*Task directions:*
Take every line from the data that has the word "inductive" in it.

Dataset excerpts
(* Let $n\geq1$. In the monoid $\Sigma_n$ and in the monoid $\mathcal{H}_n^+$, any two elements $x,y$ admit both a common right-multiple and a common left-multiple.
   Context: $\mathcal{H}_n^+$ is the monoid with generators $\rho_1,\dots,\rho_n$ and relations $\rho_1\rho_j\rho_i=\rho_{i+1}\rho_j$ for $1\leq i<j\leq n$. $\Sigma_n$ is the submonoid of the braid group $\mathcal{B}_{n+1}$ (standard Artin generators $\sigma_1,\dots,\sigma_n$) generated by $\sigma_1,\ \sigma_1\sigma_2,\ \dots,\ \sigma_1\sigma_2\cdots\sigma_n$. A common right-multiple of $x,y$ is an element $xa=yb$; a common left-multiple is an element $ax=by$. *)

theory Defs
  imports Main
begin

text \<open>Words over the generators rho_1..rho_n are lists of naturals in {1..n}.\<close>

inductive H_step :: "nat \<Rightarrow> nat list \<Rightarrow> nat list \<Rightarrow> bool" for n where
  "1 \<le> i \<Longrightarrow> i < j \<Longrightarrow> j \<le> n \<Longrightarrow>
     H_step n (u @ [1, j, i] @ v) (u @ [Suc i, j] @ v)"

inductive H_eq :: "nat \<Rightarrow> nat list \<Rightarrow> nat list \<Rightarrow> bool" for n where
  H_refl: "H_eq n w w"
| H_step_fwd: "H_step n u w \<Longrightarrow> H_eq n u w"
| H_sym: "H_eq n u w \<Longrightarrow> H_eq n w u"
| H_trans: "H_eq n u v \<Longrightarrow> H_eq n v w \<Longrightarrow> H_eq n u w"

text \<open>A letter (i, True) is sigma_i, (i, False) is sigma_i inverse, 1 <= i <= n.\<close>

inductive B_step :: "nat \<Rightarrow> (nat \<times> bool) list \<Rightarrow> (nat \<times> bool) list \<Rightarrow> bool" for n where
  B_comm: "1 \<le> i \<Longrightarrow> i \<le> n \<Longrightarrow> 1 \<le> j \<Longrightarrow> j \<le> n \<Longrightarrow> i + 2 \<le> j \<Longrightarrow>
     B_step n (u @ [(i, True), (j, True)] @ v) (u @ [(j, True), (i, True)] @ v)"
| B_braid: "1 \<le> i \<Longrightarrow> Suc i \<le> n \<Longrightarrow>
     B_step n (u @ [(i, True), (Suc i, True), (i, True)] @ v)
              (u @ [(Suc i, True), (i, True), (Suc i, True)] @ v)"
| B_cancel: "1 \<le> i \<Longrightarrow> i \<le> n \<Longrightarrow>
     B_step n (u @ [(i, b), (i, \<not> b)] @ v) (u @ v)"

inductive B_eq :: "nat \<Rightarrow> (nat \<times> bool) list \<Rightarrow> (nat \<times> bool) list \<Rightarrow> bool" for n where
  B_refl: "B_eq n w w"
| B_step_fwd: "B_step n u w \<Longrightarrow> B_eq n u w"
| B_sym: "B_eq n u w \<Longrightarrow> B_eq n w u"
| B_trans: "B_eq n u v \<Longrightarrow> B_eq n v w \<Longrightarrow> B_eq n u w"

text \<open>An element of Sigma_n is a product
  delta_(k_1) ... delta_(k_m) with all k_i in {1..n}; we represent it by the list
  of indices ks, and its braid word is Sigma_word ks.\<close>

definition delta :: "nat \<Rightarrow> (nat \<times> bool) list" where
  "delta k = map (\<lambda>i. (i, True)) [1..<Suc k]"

*Exercise result:*
inductive H_step :: "nat \<Rightarrow> nat list \<Rightarrow> nat list \<Rightarrow> bool" for n where
inductive H_eq :: "nat \<Rightarrow> nat list \<Rightarrow> nat list \<Rightarrow> bool" for n where
inductive B_step :: "nat \<Rightarrow> (nat \<times> bool) list \<Rightarrow> (nat \<times> bool) list \<Rightarrow> bool" for n where
inductive B_eq :: "nat \<Rightarrow> (nat \<times> bool) list \<Rightarrow> (nat \<times> bool) list \<Rightarrow> bool" for n where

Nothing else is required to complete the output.